## Items from a data source
+---+

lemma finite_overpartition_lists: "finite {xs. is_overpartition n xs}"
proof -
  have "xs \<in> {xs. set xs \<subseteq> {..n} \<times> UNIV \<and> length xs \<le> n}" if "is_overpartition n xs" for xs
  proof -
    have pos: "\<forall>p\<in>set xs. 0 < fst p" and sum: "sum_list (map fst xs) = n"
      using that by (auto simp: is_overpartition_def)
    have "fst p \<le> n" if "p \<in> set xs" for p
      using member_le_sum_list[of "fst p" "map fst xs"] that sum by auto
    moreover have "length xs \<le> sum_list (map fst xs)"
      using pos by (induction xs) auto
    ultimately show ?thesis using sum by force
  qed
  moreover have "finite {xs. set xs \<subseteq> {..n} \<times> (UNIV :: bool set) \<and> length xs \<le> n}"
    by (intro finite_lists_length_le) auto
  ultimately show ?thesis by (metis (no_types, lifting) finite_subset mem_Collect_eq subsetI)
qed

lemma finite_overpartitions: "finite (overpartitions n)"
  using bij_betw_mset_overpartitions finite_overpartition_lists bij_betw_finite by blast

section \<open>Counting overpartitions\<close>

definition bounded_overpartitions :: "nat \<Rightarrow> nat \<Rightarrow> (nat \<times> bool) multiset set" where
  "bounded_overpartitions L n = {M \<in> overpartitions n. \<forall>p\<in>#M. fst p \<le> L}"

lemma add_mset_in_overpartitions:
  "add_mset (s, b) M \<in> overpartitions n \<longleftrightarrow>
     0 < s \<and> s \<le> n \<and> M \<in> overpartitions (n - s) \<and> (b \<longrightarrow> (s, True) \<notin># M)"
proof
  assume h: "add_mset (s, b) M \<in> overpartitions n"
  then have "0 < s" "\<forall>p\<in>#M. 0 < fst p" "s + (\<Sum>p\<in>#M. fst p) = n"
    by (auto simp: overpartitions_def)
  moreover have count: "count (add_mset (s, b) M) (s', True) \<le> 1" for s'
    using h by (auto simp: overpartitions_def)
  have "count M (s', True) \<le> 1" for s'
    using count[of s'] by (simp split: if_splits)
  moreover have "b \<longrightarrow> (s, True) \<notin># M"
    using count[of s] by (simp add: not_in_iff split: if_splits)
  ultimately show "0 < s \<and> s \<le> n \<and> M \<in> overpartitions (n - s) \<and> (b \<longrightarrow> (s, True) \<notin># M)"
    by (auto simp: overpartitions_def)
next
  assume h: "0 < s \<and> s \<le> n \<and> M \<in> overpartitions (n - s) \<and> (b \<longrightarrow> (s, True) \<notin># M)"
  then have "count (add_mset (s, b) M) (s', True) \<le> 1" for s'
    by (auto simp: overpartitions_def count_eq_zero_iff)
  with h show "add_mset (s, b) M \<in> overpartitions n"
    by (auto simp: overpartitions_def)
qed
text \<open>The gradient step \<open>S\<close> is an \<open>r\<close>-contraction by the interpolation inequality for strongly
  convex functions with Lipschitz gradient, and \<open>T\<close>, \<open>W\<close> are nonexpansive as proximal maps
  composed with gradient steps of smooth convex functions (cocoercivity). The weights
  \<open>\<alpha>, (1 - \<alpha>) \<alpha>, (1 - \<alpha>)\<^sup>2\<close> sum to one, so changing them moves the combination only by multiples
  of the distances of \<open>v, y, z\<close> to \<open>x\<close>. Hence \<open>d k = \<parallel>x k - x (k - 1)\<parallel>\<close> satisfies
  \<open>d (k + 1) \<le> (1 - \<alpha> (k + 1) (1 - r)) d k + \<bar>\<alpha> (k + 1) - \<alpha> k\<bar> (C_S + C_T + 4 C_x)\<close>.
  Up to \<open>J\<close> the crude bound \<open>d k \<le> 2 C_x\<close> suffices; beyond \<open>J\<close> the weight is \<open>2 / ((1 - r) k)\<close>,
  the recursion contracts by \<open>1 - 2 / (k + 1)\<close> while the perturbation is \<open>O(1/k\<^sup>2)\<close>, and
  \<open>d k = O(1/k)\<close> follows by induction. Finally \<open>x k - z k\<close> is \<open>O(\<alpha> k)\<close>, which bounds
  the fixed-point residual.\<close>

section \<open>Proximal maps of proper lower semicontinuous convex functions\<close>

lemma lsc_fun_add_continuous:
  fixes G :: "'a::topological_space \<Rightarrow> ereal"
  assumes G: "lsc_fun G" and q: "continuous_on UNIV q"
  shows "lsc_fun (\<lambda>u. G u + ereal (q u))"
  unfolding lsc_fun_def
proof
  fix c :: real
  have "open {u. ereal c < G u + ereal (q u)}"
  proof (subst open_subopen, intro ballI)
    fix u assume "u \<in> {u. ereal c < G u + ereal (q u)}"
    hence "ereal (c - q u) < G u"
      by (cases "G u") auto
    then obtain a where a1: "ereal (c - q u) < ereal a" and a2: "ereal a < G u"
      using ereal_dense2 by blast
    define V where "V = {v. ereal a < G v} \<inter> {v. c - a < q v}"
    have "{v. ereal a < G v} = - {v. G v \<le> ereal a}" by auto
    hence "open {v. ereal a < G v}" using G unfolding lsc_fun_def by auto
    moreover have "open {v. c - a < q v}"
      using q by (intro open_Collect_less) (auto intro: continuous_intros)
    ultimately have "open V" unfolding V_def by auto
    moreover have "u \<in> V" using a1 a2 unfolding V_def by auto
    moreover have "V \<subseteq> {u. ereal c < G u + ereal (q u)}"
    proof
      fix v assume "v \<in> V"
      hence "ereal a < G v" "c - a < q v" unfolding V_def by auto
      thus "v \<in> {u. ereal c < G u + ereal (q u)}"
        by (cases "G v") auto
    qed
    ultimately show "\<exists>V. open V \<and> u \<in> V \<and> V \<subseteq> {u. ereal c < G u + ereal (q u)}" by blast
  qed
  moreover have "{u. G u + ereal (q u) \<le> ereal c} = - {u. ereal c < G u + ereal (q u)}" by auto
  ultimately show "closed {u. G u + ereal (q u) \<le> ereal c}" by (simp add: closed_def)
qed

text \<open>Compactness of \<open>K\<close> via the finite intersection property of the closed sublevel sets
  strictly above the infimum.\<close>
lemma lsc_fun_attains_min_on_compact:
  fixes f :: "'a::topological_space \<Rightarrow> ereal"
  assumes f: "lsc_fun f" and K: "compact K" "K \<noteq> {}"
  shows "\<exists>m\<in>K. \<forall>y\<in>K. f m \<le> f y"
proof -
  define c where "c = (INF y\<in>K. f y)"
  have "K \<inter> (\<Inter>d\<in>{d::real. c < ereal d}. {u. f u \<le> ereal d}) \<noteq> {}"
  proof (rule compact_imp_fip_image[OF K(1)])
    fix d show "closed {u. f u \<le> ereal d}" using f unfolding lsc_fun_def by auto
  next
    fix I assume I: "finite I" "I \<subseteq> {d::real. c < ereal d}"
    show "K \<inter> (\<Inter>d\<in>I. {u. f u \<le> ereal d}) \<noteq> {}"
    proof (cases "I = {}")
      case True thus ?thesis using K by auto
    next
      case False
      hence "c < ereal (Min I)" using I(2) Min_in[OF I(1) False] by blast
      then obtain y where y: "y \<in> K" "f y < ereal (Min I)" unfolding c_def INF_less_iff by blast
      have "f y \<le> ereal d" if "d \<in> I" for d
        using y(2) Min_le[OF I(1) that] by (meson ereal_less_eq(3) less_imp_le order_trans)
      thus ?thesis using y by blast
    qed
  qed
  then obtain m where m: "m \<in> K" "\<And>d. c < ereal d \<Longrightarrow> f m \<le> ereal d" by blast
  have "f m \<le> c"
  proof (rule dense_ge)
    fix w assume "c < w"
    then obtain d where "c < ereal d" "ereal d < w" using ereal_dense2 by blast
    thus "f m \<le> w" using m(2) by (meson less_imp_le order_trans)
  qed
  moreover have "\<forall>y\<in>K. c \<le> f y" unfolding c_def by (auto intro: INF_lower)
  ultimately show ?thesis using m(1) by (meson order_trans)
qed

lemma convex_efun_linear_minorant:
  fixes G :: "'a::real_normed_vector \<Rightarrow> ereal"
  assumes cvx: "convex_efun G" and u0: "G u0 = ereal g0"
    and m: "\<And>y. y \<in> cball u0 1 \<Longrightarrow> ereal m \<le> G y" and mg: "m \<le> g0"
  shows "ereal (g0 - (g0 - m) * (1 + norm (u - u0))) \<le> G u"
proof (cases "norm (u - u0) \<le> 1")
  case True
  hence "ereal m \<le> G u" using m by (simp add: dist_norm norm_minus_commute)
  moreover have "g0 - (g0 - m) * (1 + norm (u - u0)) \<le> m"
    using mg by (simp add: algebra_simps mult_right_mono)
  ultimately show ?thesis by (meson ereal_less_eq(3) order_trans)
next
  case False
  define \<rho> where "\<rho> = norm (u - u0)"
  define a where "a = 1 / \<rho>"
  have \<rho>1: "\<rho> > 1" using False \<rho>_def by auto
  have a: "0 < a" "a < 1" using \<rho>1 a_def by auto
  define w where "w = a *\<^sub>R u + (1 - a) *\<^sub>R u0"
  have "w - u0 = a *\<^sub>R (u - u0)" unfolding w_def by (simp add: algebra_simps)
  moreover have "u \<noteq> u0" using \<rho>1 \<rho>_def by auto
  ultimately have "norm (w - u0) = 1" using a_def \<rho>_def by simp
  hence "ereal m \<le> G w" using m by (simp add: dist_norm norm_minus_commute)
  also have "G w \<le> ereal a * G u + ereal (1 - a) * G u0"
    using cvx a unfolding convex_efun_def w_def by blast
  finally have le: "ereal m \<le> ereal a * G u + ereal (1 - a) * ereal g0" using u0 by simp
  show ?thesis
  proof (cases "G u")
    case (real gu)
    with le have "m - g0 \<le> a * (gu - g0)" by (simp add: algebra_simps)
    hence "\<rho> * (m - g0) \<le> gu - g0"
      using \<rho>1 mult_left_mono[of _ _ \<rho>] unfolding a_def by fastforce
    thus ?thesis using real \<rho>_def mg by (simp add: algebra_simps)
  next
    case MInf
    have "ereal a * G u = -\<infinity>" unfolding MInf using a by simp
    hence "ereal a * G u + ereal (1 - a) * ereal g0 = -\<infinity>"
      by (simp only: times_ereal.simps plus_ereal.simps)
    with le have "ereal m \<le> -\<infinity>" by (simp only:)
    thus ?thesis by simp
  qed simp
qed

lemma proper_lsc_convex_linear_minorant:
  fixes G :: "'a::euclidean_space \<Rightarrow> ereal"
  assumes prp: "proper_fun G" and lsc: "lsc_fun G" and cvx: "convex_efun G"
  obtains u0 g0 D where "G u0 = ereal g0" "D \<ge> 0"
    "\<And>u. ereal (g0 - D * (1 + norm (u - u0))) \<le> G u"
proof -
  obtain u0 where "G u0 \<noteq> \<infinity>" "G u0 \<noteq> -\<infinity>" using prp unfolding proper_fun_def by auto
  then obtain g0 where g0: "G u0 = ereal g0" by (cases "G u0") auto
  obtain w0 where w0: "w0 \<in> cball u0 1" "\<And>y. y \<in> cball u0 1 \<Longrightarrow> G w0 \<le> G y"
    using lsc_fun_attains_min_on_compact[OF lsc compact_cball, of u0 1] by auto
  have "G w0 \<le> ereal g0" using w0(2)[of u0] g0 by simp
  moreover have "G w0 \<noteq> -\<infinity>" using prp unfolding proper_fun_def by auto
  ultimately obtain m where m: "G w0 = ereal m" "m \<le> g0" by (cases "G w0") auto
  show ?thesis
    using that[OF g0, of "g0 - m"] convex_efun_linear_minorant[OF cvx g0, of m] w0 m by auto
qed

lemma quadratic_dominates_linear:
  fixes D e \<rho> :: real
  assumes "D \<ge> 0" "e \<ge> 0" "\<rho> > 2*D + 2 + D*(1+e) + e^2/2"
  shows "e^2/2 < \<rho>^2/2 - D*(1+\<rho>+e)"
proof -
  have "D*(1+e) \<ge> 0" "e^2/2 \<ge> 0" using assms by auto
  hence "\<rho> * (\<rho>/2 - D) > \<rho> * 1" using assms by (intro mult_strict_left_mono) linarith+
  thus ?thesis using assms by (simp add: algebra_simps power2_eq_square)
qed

+---+

## What the exercise asks
Copy out each line in the preceding records that contains "only".

## Completed exercise
  \<open>\<alpha>, (1 - \<alpha>) \<alpha>, (1 - \<alpha>)\<^sup>2\<close> sum to one, so changing them moves the combination only by multiples
      by (simp only: times_ereal.simps plus_ereal.simps)
    with le have "ereal m \<le> -\<infinity>" by (simp only:)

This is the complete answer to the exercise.